== Assigned task ==
Each line below with the string "leading" should be copied.
───── Supplied records
lemma closure_is_interval_ereal:
  fixes S :: "real set"
  assumes "S \<noteq> {}" "is_interval S"
  shows "closure S = {x. Inf (ereal ` S) \<le> ereal x \<and> ereal x \<le> Sup (ereal ` S)}"
proof
  show "closure S \<subseteq> {x. Inf (ereal ` S) \<le> ereal x \<and> ereal x \<le> Sup (ereal ` S)}"
    by (intro closure_minimal closed_ereal_interval_vimage) (auto intro: INF_lower SUP_upper)
next
  show "{x. Inf (ereal ` S) \<le> ereal x \<and> ereal x \<le> Sup (ereal ` S)} \<subseteq> closure S"
  proof (clarify, unfold closure_approachable, intro allI impI)
    fix x e :: real
    assume x: "Inf (ereal ` S) \<le> ereal x" "ereal x \<le> Sup (ereal ` S)" and "e > 0"
    moreover have "ereal (x - e) < ereal x" "ereal x < ereal (x + e)" using \<open>e > 0\<close> by auto
    ultimately have "Inf (ereal ` S) < ereal (x + e)" "ereal (x - e) < Sup (ereal ` S)"
      by (meson order.strict_trans1 order.strict_trans2)+
    then obtain w1 w2 where "w1 \<in> S" "w1 < x + e" "w2 \<in> S" "x - e < w2"
      by (auto simp: Inf_less_iff less_Sup_iff)
    then show "\<exists>y\<in>S. dist y x < e"
    proof (cases "w1 \<le> w2")
      case True
      have "w1 \<le> max w1 (min x w2)" "max w1 (min x w2) \<le> w2" using True by auto
      then have "max w1 (min x w2) \<in> S"
        using assms(2) \<open>w1 \<in> S\<close> \<open>w2 \<in> S\<close> unfolding is_interval_1 by blast
      moreover have "dist (max w1 (min x w2)) x < e"
        using \<open>w1 < x + e\<close> \<open>x - e < w2\<close> \<open>e > 0\<close> by (simp add: dist_real_def)
      ultimately show ?thesis by blast
    next
      case False
      then have "dist w2 x < e" using \<open>w1 < x + e\<close> \<open>x - e < w2\<close> by (simp add: dist_real_def)
      then show ?thesis using \<open>w2 \<in> S\<close> by blast
    qed
  qed
qed
text \<open>Division by U: repeatedly cancel the greatest leading monomial in the support. The measure
  is the size of the down-set of the leading monomials occurring in the support; cancelling its top
  element y only introduces monomials below y.\<close>

lemma reduced_form_exists:
  assumes S: "is_subspace U"
  shows "\<exists>r. supp r \<inter> lead_monomials U = {} \<and> v - r \<in> U \<and> supp r \<subseteq> (\<Union>z\<in>supp v. {..z})"
proof (induction v rule: measure_induct_rule[where f = "\<lambda>v. card (\<Union>z\<in>supp v \<inter> lead_monomials U. {..z})"])
  case (less v)
  let ?L = "lead_monomials U"
  show ?case
  proof (cases "supp v \<inter> ?L = {}")
    case True
    then show ?thesis
      by (intro exI[of _ v]) (auto simp: is_subspace_zero[OF S, unfolded zero_fun_def])
  next
    case False
    define y where "y = Max (supp v \<inter> ?L)"
    have y: "y \<in> supp v \<inter> ?L" unfolding y_def using False by (intro Max_in) auto
    have y_max: "z \<le> y" if "z \<in> supp v \<inter> ?L" for z
      unfolding y_def using that by (intro Max_ge) auto
    obtain u where u: "u \<in> U" "u \<noteq> 0" "lm u = y"
      using y unfolding lead_monomials_def by auto
    have uy: "u y \<noteq> 0" using lm_in_supp[OF u(2)] u(3) by (simp add: supp_def)
    have u_below: "z \<le> y" if "z \<in> supp u" for z using le_lm[OF that] u(3) by simp
    define v' where "v' = v - (\<lambda>z. v y / u y * u z)"
    have v'y: "v' y = 0" unfolding v'_def using uy by simp
    have supp_v': "supp v' \<subseteq> supp v \<union> supp u" unfolding v'_def supp_def by auto
    have "supp v' \<inter> ?L \<subseteq> {..<y}"
    proof
      fix z assume z: "z \<in> supp v' \<inter> ?L"
      then have "z \<noteq> y" using v'y by (auto simp: supp_def)
      moreover have "z \<le> y" using z supp_v' y_max u_below by blast
      ultimately show "z \<in> {..<y}" by simp
    qed
    then have "(\<Union>z\<in>supp v' \<inter> ?L. {..z}) \<subseteq> {..<y}" by auto
    moreover have "{..<y} \<subset> (\<Union>z\<in>supp v \<inter> ?L. {..z})" using y by auto
    ultimately have "card (\<Union>z\<in>supp v' \<inter> ?L. {..z}) < card (\<Union>z\<in>supp v \<inter> ?L. {..z})"
      by (rule le_less_trans[OF card_mono[OF finite] psubset_card_mono[OF finite]])
    then obtain r where r: "supp r \<inter> ?L = {}" "v' - r \<in> U" "supp r \<subseteq> (\<Union>z\<in>supp v'. {..z})"
      using less.IH by blast
    have "v - r = (v' - r) + (\<lambda>z. v y / u y * u z)" unfolding v'_def by simp
    also have "\<dots> \<in> U" using S r(2) u(1) by (intro is_subspace_add is_subspace_scale)
    finally have "v - r \<in> U" .
    moreover have "supp r \<subseteq> (\<Union>z\<in>supp v. {..z})"
    proof
      fix x assume "x \<in> supp r"
      then obtain z where z: "z \<in> supp v'" "x \<le> z" using r(3) by auto
      then consider "z \<in> supp v" | "z \<in> supp u" using supp_v' by blast
      then show "x \<in> (\<Union>z\<in>supp v. {..z})"
      proof cases
        case 1
        then show ?thesis using z(2) by auto
      next
        case 2
        then have "x \<le> y" using z(2) u_below order_trans by blast
        then show ?thesis using y by auto
      qed
    qed
    ultimately show ?thesis using r(1) by blast
  qed
qed

definition reduce_mod :: "('y::{finite,linorder} \<Rightarrow> 'k::field) set \<Rightarrow> ('y \<Rightarrow> 'k) \<Rightarrow> ('y \<Rightarrow> 'k)" where
  "reduce_mod U v =
     (SOME r. supp r \<inter> lead_monomials U = {} \<and> v - r \<in> U \<and> supp r \<subseteq> (\<Union>z\<in>supp v. {..z}))"

lemma reduce_mod:
  assumes "is_subspace U"
  shows "supp (reduce_mod U v) \<inter> lead_monomials U = {}"
    and "v - reduce_mod U v \<in> U"
    and "supp (reduce_mod U v) \<subseteq> (\<Union>z\<in>supp v. {..z})"
  using someI_ex[OF reduced_form_exists[OF assms, of v]] unfolding reduce_mod_def by blast+

lemma reduced_form_unique:
  assumes "supp r \<inter> lead_monomials U = {}" and "supp r' \<inter> lead_monomials U = {}"
    and "r - r' \<in> U"
  shows "r = r'"
proof (rule ccontr)
  assume "r \<noteq> r'"
  then have "lm (r - r') \<in> lead_monomials U" and "lm (r - r') \<in> supp r \<union> supp r'"
    using assms(3) lm_in_supp[of "r - r'"] supp_diff[of r r'] unfolding lead_monomials_def by auto
  then show False using assms(1,2) by blast
qed

lemma reduce_mod_eqI:
  assumes S: "is_subspace U" and "supp r \<inter> lead_monomials U = {}" and "v - r \<in> U"
  shows "reduce_mod U v = r"
proof (rule reduced_form_unique)
  show "supp (reduce_mod U v) \<inter> lead_monomials U = {}" by (rule reduce_mod(1)[OF S])
  show "supp r \<inter> lead_monomials U = {}" by fact
  have "reduce_mod U v - r = (v - r) - (v - reduce_mod U v)" by simp
  also have "\<dots> \<in> U" using S assms(3) reduce_mod(2)[OF S] by (rule is_subspace_diff)
  finally show "reduce_mod U v - r \<in> U" .
qed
──────────
== Reply to the exercise ==
text \<open>Division by U: repeatedly cancel the greatest leading monomial in the support. The measure
  is the size of the down-set of the leading monomials occurring in the support; cancelling its top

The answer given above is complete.